Stored data entries:

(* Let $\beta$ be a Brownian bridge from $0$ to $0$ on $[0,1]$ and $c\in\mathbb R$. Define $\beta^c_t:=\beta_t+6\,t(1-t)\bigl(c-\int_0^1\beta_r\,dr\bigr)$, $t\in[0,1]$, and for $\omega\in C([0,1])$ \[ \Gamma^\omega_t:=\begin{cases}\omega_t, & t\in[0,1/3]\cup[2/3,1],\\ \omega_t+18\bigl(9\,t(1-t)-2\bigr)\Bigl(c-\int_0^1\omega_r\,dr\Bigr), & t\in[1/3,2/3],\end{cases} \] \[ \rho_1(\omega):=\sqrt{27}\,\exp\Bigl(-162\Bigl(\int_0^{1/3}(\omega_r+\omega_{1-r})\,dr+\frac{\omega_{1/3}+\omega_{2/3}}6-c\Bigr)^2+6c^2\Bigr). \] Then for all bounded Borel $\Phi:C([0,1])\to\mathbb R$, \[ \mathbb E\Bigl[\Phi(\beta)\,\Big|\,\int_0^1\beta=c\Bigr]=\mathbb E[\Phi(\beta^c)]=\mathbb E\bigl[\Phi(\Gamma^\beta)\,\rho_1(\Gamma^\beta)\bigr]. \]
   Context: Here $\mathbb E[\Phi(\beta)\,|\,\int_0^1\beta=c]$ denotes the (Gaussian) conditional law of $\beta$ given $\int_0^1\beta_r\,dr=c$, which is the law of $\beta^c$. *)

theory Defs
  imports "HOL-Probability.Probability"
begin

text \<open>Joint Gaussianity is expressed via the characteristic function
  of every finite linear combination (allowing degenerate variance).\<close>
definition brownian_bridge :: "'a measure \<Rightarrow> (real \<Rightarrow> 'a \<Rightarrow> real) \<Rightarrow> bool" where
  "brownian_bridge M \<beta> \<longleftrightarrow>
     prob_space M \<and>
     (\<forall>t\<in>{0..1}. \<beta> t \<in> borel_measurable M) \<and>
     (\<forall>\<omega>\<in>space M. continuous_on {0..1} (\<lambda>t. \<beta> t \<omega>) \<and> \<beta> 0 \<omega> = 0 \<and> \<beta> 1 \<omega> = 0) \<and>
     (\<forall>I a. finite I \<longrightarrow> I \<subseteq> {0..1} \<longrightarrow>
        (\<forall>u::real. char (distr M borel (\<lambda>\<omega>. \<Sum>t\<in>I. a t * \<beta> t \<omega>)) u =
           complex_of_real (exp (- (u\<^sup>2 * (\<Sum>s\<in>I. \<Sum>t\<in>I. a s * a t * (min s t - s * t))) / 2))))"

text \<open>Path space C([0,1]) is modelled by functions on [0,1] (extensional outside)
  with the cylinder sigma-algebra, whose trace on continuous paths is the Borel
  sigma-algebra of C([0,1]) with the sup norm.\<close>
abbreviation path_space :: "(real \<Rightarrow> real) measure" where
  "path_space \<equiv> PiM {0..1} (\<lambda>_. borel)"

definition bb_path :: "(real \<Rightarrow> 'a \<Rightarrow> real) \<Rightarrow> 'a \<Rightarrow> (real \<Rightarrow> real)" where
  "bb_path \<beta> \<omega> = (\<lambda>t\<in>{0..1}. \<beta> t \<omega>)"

(ABOUT THIS EXERCISE)
Find the lines above holding the word "close" and show them.

(SOLVED EXERCISE)
  of every finite linear combination (allowing degenerate variance).\<close>
  sigma-algebra of C([0,1]) with the sup norm.\<close>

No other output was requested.